Have you ever gone to one of the free online savings calculators to see how much you might have accumulated when you finally retire? The calculators ask you to put in some numbers, such as your starting balance, annual contributions, and when you plan on retiring. You are also asked to guess an annual rate of return on your savings. Let's say you plug in a 4% annual return. Disappointed? How about 8%? Much better. Ten percent looks great!

Playing with rates of return is usually a harmless exercise. But a recent article in the Washington Post about Silicon Valley Bank illustrates the risk of changing assumptions with wishful or fantasy thinking.

According to the article, SVB executives decided in 2020 to boost profits by investing in higher-yielding longer-term investments. The strategy triggered an internal alarm: Bank earnings were at risk if interest rates climbed. Instead of heeding the caution and acting to mitigate potential risks, executives simply changed the model's assumptions to one more favorable to what they wanted. Oops.

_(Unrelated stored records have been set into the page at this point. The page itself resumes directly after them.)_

lemma laplacian_smult_one:
  "x \<in> carrier_mat n n \<Longrightarrow> y \<in> carrier_mat n n \<Longrightarrow> laplacian x y (c \<cdot>\<^sub>m 1\<^sub>m n) = 0\<^sub>m n n"
  by (simp add: laplacian_eq_comm comm_smult_one comm_zero_right)

lemma commute_mat_diag_comp:
  fixes B :: "'a :: idom mat"
  assumes B: "B \<in> carrier_mat n n" and commute: "mat_diag n g * B = B * mat_diag n g"
  shows "mat_diag n (\<lambda>i. f (g i)) * B = B * mat_diag n (\<lambda>i. f (g i))"
proof (rule eq_matI)
  fix i j assume "i < dim_row (B * mat_diag n (\<lambda>i. f (g i)))" "j < dim_col (B * mat_diag n (\<lambda>i. f (g i)))"
  then have ij: "i < n" "j < n" using B by (auto simp: dim_mat_diag)
  have "g i * B $$ (i, j) = B $$ (i, j) * g j"
    using arg_cong[OF commute, of "\<lambda>M. M $$ (i, j)"] B ij by (simp add: index_mat_diag_mult index_mult_mat_diag)
  then have "B $$ (i, j) = 0 \<or> g i = g j" by (auto simp: mult.commute)
  then show "(mat_diag n (\<lambda>i. f (g i)) * B) $$ (i, j) = (B * mat_diag n (\<lambda>i. f (g i))) $$ (i, j)"
    using B ij by (auto simp: index_mat_diag_mult index_mult_mat_diag)
qed (use B in \<open>auto simp: dim_mat_diag\<close>)

lemma commute_mexp_hermitian:
  assumes x: "hermitian_mat n x" and a: "a \<in> carrier_mat n n" and xa: "x * a = a * x"
  shows "a * mexp (c \<cdot>\<^sub>m x) = mexp (c \<cdot>\<^sub>m x) * a"
proof -
  obtain V d where V: "unitary_mat n V" and x_eq: "x = V * mat_diag n (\<lambda>i. complex_of_real (d i)) * cadj V"
    using hermitian_mat_unitary_diagonalization[OF x] by blast
  have Vc: "V \<in> carrier_mat n n" "cadj V * V = 1\<^sub>m n" "V * cadj V = 1\<^sub>m n"
    using V by (auto simp: unitary_mat_def)
  let ?D = "mat_diag n (\<lambda>i. complex_of_real (d i))"
  let ?F = "mat_diag n (\<lambda>i. exp (c * complex_of_real (d i)))"
  define b where "b = cadj V * a * V"
  have b: "b \<in> carrier_mat n n" using Vc a by (simp add: b_def mult_carrier_mat[of _ n n _ n])
  have a_eq: "a = V * b * cadj V" using unitary_mat_conj_cancel[OF V a] by (simp add: b_def)
  note mult_conj = similar_mult[OF Vc(1) cadj_carrier[OF Vc(1)] Vc(2)]
  note cancel = unitary_mat_conj_cancel[OF unitary_mat_cadj[OF V], unfolded cadj_cadj]
  have "V * (?D * b) * cadj V = V * (b * ?D) * cadj V"
    using xa by (simp add: x_eq a_eq mult_conj b)
  then have "cadj V * (V * (?D * b) * cadj V) * V = cadj V * (V * (b * ?D) * cadj V) * V"
    by simp
  then have "?D * b = b * ?D"
    by (simp only: cancel[OF mult_carrier_mat[OF mat_diag_dim b]] cancel[OF mult_carrier_mat[OF b mat_diag_dim]])
  then have Fb: "?F * b = b * ?F"
    using commute_mat_diag_comp[OF b, of "\<lambda>i. complex_of_real (d i)" "\<lambda>z. exp (c * z)"] by simp
  have "mexp (c \<cdot>\<^sub>m x) = V * ?F * cadj V"
    using Vc by (simp add: x_eq smult_similar_mat_diag mexp_similar_mat_diag)
  then show ?thesis by (simp add: a_eq mult_conj b Fb)
qed

lemma mtrace_mult_comm:
  "A \<in> carrier_mat n m \<Longrightarrow> B \<in> carrier_mat m n \<Longrightarrow> mtrace (A * B) = mtrace (B * A)"
  unfolding mtrace_def
  by (simp add: scalar_prod_def atLeast0LessThan mult.commute, subst sum.swap, simp)

lemma mtrace_add: "A \<in> carrier_mat n n \<Longrightarrow> B \<in> carrier_mat n n \<Longrightarrow> mtrace (A + B) = mtrace A + mtrace B"
  by (simp add: mtrace_def sum.distrib)

lemma mtrace_similar:
  assumes U: "U \<in> carrier_mat n n" and V: "V \<in> carrier_mat n n" and VU: "V * U = 1\<^sub>m n"
    and X: "X \<in> carrier_mat n n"
  shows "mtrace (U * X * V) = mtrace X"
proof -
  have "mtrace (U * X * V) = mtrace (V * (U * X))"
    using U V X by (intro mtrace_mult_comm[of _ n n]) auto
  also have "V * (U * X) = X"
    using U V X by (simp add: VU flip: assoc_mult_mat[of V n n U n X n])
  finally show ?thesis .
qed

lemma index_double_comm_mat_diag:
  assumes H: "H \<in> carrier_mat n n" and i: "i < n"
  shows "comm H (comm H (mat_diag n g)) $$ (i, i) = (\<Sum>j<n. 2 * H $$ (i, j) * H $$ (j, i) * (g i - g j))"
proof -
  let ?C = "comm H (mat_diag n g)"
  have C: "?C \<in> carrier_mat n n" using H by simp
  have "comm H ?C $$ (i, i) = (H * ?C) $$ (i, i) - (?C * H) $$ (i, i)"
    by (rule index_comm[OF H C i i])
  also have "\<dots> = (\<Sum>j<n. H $$ (i, j) * ?C $$ (j, i)) - (\<Sum>j<n. ?C $$ (i, j) * H $$ (j, i))"
    using H C i by (simp add: scalar_prod_def atLeast0LessThan dim_mat_diag)
  also have "\<dots> = (\<Sum>j<n. H $$ (i, j) * (H $$ (j, i) * (g i - g j)) - H $$ (i, j) * (g j - g i) * H $$ (j, i))"
    using H i by (simp add: sum_subtractf index_comm_mat_diag)
  also have "\<dots> = (\<Sum>j<n. 2 * H $$ (i, j) * H $$ (j, i) * (g i - g j))"
    by (rule sum.cong) (simp_all add: algebra_simps)
  finally show ?thesis .
qed

lemma sum_symmetrize:
  fixes c :: "nat \<Rightarrow> nat \<Rightarrow> 'a :: comm_ring_1"
  assumes sym: "\<And>i j. i < n \<Longrightarrow> j < n \<Longrightarrow> c i j = c j i"
  shows "(\<Sum>i<n. f i * (\<Sum>j<n. 2 * c i j * (g i - g j)))
    = (\<Sum>i<n. \<Sum>j<n. c i j * (f i - f j) * (g i - g j))"
proof -
  define S where "S = (\<Sum>i<n. \<Sum>j<n. c i j * f i * (g i - g j))"
  have swap: "(\<Sum>i<n. \<Sum>j<n. c i j * f j * (g i - g j)) = - S"
    unfolding S_def by (subst sum.swap) (auto simp: sum_negf[symmetric] algebra_simps sym intro!: sum.cong)
  have "(\<Sum>i<n. f i * (\<Sum>j<n. 2 * c i j * (g i - g j))) = 2 * S"
    unfolding S_def by (simp add: sum_distrib_left algebra_simps)
  moreover have "(\<Sum>i<n. \<Sum>j<n. c i j * (f i - f j) * (g i - g j))
      = S - (\<Sum>i<n. \<Sum>j<n. c i j * f j * (g i - g j))"
    unfolding S_def by (simp add: sum_subtractf[symmetric] algebra_simps)
  ultimately show ?thesis using swap by simp
qed

lemma mtrace_mat_diag_mult_double_comm:
  assumes H: "hermitian_mat n H"
  shows "mtrace (mat_diag n f * comm H (comm H (mat_diag n g)))
    = (\<Sum>i<n. \<Sum>j<n. complex_of_real ((cmod (H $$ (i, j)))\<^sup>2) * (f i - f j) * (g i - g j))"
proof -
  have Hc: "H \<in> carrier_mat n n" using H by (simp add: hermitian_mat_def)
  define c where "c i j = complex_of_real ((cmod (H $$ (i, j)))\<^sup>2)" for i j
  have c: "H $$ (i, j) * H $$ (j, i) = c i j" if "i < n" "j < n" for i j
    using hermitian_mat_cnj_index[OF H that] by (simp add: c_def complex_norm_square del: of_real_power)
  have c_sym: "c i j = c j i" if "i < n" "j < n" for i j
    using hermitian_mat_cnj_index[OF H that] by (simp add: c_def)
  have M: "comm H (comm H (mat_diag n g)) \<in> carrier_mat n n" using Hc by simp
  have "mtrace (mat_diag n f * comm H (comm H (mat_diag n g)))
      = (\<Sum>i<n. f i * comm H (comm H (mat_diag n g)) $$ (i, i))"
    unfolding mtrace_def index_mult_mat(2) dim_mat_diag
    by (intro sum.cong refl index_mat_diag_mult[OF M]) auto
  also have "\<dots> = (\<Sum>i<n. f i * (\<Sum>j<n. 2 * c i j * (g i - g j)))"
    using Hc by (simp add: index_double_comm_mat_diag c mult.assoc)
  also have "\<dots> = (\<Sum>i<n. \<Sum>j<n. c i j * (f i - f j) * (g i - g j))"
    by (rule sum_symmetrize) (rule c_sym)
  finally show ?thesis by (simp add: c_def)
qed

The free online retirement calculators aren't very good. The results can vary significantly, depending on the underlying assumptions built into the model. Their value lies less in the results and more in that they reinforce the message it pays to start saving early. The magic of compounding over time even at conservative rates of return are impressive.

If the "saving early" moment is long past, the calculators can also help you put some numbers on how much to start saving. The longer you wait, the more important it becomes to set aside serious sums of income. "The biggest driver of your financial plan is going to be your savings rate," writes Bob French, director of investment analysis at Retirement Researcher and McLean Asset Management.

You don't have enough time to rely on the market's magic of compounding the closer you are to your retirement years, he adds. You also want to avoid the temptation of assuming really good returns to bail you out. That kind of wishful thinking compounds financial risks rather than mitigates them. Think SVB.

The good news is the closer you get to retirement the better data you have to work with to create a realistic plan. You will know your expenses and likely tax rate. You will have a realistic idea when to file for Social Security. You will also know how much you have saved for retirement.

Chris Farrell is economics contributor to the Star Tribune, Minnesota Public Radio and American Public Media's "Marketplace."